Schrittfolgen
Von Karl Hohenlohe
Sie ist auf Hitparaden spezialisiert, die sie anführt, wie das Leittier eine Herde.
Über Rihanna
Die berühmte Sängerin Rihanna war in Wien. Den jüngeren Lesern ist sie ein Begriff, den älteren soll sie als Zarah Leander des 21. Jahrhunderts gelten. Frau Rihanna ist auf Hitparaden spezialisiert, die sie anführt, wie das Leittier eine Herde.
Vorne ist ihre Stimme zu hören, gleich danach ein tuschendes Schlagwerk, das an die ersten Atemzüge einer rachitischen Dampflok erinnert, wenn sie schweren Herzens den Perron verlässt.
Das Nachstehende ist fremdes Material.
definition bmo_norm :: "(real^'n::finite) measure \<Rightarrow> (real^'n \<Rightarrow> real) \<Rightarrow> real" where
  "bmo_norm M b = (SUP kj. (\<lambda>(k, j). bmo_osc M b k j) kj)"

end

theory Submission
  imports Defs
begin

text \<open>
  Both estimates rest on the fact that \<open>\<Delta>\<^sub>Q f\<close> is the step function
  \<open>\<Sum>\<^sub>R (\<langle>f\<rangle>\<^sub>R - \<langle>f\<rangle>\<^sub>Q) 1\<^sub>R\<close> over the children \<open>R\<close> of \<open>Q\<close>. Hence
  \<open>\<parallel>\<Delta>\<^sub>Q f\<parallel>\<^sub>1 = \<Sum>\<^sub>R \<bar>\<langle>f\<rangle>\<^sub>R - \<langle>f\<rangle>\<^sub>Q\<bar> \<mu>(R)\<close>, which the triangle inequality and
  \<open>\<bar>\<langle>f\<rangle>\<^sub>R\<bar> \<mu>(R) \<le> \<integral>\<^sub>R \<bar>f\<bar>\<close> bound by \<open>2 \<integral>\<^sub>Q \<bar>f\<bar>\<close>. The product
  \<open>\<Delta>\<^sub>Q b \<Delta>\<^sub>Q f\<close> is again constant on each child, so its average over \<open>Q\<close> is
  \<open>\<mu>(Q)\<^sup>-\<^sup>1 \<Sum>\<^sub>R (\<langle>b\<rangle>\<^sub>R - \<langle>b\<rangle>\<^sub>Q)(\<langle>f\<rangle>\<^sub>R - \<langle>f\<rangle>\<^sub>Q) \<mu>(R)\<close>; since \<open>Q\<close> is the parent of
  \<open>R\<close>, each factor \<open>\<bar>\<langle>b\<rangle>\<^sub>R - \<langle>b\<rangle>\<^sub>Q\<bar>\<close> is at most the oscillation of \<open>b\<close> on \<open>R\<close>,
  hence at most \<open>\<parallel>b\<parallel>\<^sub>B\<^sub>M\<^sub>O\<close>, and the first bound finishes the proof. Apart from this
  last step only the fact that the children partition \<open>Q\<close> into finitely many sets of
  finite measure is used.
\<close>

lemma abs_avg_le_avg_abs: "\<bar>avg M f R\<bar> \<le> avg M (\<lambda>x. \<bar>f x\<bar>) R"
proof -
  have "\<bar>\<integral>x. indicator R x * f x \<partial>M\<bar> \<le> (\<integral>x. indicator R x * \<bar>f x\<bar> \<partial>M)"
    using integral_abs_bound[of M "\<lambda>x. indicator R x * f x"] by (simp add: abs_mult)
  then show ?thesis
    unfolding avg_def by (simp add: divide_right_mono)
qed

lemma abs_avg_mult_measure_le:
  "\<bar>avg M f R\<bar> * measure M R \<le> (\<integral>x. indicator R x * \<bar>f x\<bar> \<partial>M)"
proof (cases "measure M R = 0")
  case True
  then show ?thesis by (simp add: integral_nonneg)
next
  case False
  have "\<bar>avg M f R\<bar> * measure M R \<le> avg M (\<lambda>x. \<bar>f x\<bar>) R * measure M R"
    by (intro mult_right_mono abs_avg_le_avg_abs) simp
  also have "\<dots> = (\<integral>x. indicator R x * \<bar>f x\<bar> \<partial>M)"
    using False by (simp add: avg_def)
  finally show ?thesis .
qed

lemma avg_diff_const:
  assumes "R \<in> fmeasurable M" "measure M R \<noteq> 0" "integrable M (\<lambda>x. indicator R x * f x)"
  shows "avg M (\<lambda>x. f x - c) R = avg M f R - c"
proof -
  have "integrable M (\<lambda>x. c * indicator R x)"
    using assms(1) by (simp add: fmeasurable_def)
  then have "(\<integral>x. indicator R x * (f x - c) \<partial>M) = (\<integral>x. indicator R x * f x \<partial>M) - c * measure M R"
    using assms(1,3) by (simp add: right_diff_distrib mult.commute[of _ c] fmeasurableD sets.Int_space_eq2)
  then show ?thesis
    using assms(2) unfolding avg_def by (simp add: diff_divide_distrib)
qed

lemma abs_avg_diff_const_le:
  assumes "R \<in> fmeasurable M" "measure M R \<noteq> 0" "integrable M (\<lambda>x. indicator R x * f x)"
  shows "\<bar>avg M f R - c\<bar> \<le> avg M (\<lambda>x. \<bar>f x - c\<bar>) R"
  using abs_avg_le_avg_abs[of M "\<lambda>x. f x - c" R] avg_diff_const[OF assms] by simp

locale finite_partition =
  fixes M :: "'a measure" and Q :: "'a set" and C :: "'a set set"
  assumes finite_parts: "finite C"
    and disjoint_parts: "disjoint C"
    and Union_parts: "\<Union>C = Q"
    and parts_fmeasurable: "C \<subseteq> fmeasurable M"
begin

definition mart_diff :: "('a \<Rightarrow> real) \<Rightarrow> 'a \<Rightarrow> real" where
  "mart_diff f = (\<lambda>x. (\<Sum>R\<in>C. condE M R f x) - condE M Q f x)"

lemma part_subset: "R \<in> C \<Longrightarrow> R \<subseteq> Q"
  using Union_parts by blast

lemma integrable_indicator_part: "R \<in> C \<Longrightarrow> integrable M (indicator R :: 'a \<Rightarrow> real)"
  using parts_fmeasurable by (auto simp: fmeasurable_def)

lemma mem_Q_cases:
  obtains R where "R \<in> C" "x \<in> R" "x \<in> Q" | "x \<notin> Q"
  using Union_parts by blast

lemma sum_parts_indicator_in:
  assumes "R0 \<in> C" "x \<in> R0"
  shows "(\<Sum>R\<in>C. g R * indicator R x) = (g R0 :: real)"
  using assms finite_parts disjoint_parts
  by (intro sum_indicator_disjoint_family[where A = "\<lambda>R. R"])
     (auto simp: disjoint_family_on_def dest: disjointD)

lemma sum_parts_indicator_out:
  assumes "x \<notin> Q"
  shows "(\<Sum>R\<in>C. g R * indicator R x) = (0 :: real)"
  using assms part_subset by (intro sum.neutral) (auto split: split_indicator)

lemma sum_parts_indicator: "(\<Sum>R\<in>C. indicator R x) = (indicator Q x :: real)"
  using sum_parts_indicator_in[of _ x "\<lambda>_. 1"] sum_parts_indicator_out[of x "\<lambda>_. 1"]
  by (cases x rule: mem_Q_cases) auto

lemma abs_sum_parts_indicator:
  "\<bar>\<Sum>R\<in>C. g R * indicator R x\<bar> = (\<Sum>R\<in>C. \<bar>g R\<bar> * indicator R x :: real)"
  by (cases x rule: mem_Q_cases) (simp_all add: sum_parts_indicator_in sum_parts_indicator_out)

lemma sum_parts_indicator_mult:
  "(\<Sum>R\<in>C. g R * indicator R x) * (\<Sum>R\<in>C. h R * indicator R x) =
   (\<Sum>R\<in>C. g R * h R * indicator R x :: real)"
  by (cases x rule: mem_Q_cases) (simp_all add: sum_parts_indicator_in sum_parts_indicator_out)

lemma indicator_mult_sum_parts:
  "indicator Q x * (\<Sum>R\<in>C. g R * indicator R x) = (\<Sum>R\<in>C. g R * indicator R x :: real)"
  by (cases x rule: mem_Q_cases) (simp_all add: sum_parts_indicator_in sum_parts_indicator_out)

lemma integral_sum_parts_indicator:
  "(\<integral>x. (\<Sum>R\<in>C. g R * indicator R x) \<partial>M) = (\<Sum>R\<in>C. g R * measure M R)"
proof -
  have "(\<integral>x. (\<Sum>R\<in>C. g R * indicator R x) \<partial>M) = (\<Sum>R\<in>C. (\<integral>x. g R * indicator R x \<partial>M))"
    by (intro Bochner_Integration.integral_sum integrable_mult_right integrable_indicator_part)
  also have "\<dots> = (\<Sum>R\<in>C. g R * measure M R)"
    using parts_fmeasurable by (intro sum.cong) (auto simp: sets.Int_space_eq2 fmeasurableD)
  finally show ?thesis .
qed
Ganz hinten, irgendwo im Radio, den blinkenden CD-Partikeln, den Stehplätzen der Konzertsäle, verliert sich eine kleine Melodie, verflüchtigt sich im Raum und stirbt.
Rihanna ist für zwei Dinge bekannt: Für den Gesang und für das Bewegungstalent, das sich wiederum in vier unterschiedlichste Sparten einteilen lässt: Griff zum Mikrofon, Griff zum Busen, Griff zum Hinterteil und Griff in den Schritt.
Die ersten zwei Drittel des Rihanna-Konzertes in Wien sind den verschiedensten Grifftechniken gewidmet. Einmal da, einmal dort, schnell, langsam. Irgendwann fragt man sich, warum.
Das hat man sich schon bei Michael Jackson gefragt, dem Erfinder der Schrittgrifftechnik. Ist es die Lüsternheit, die den Sänger während seines Vortrags überkommt und wenn ja, wieso haben sich Corelli, Slezak oder Kaufmann nie in den Schritt gegriffen? Oder ist es, wie bei Kindern, ein durchaus ernst zu nehmender Hinweis darauf, dass man so schnell wie möglich eine Toilette aufsuchen oder einen Topf zur Verfügung stellen sollte?
Ich weiß es nicht, je mehr Jahre ins Land ziehen, umso eher glaube ich, dass ich es gar nicht wissen will.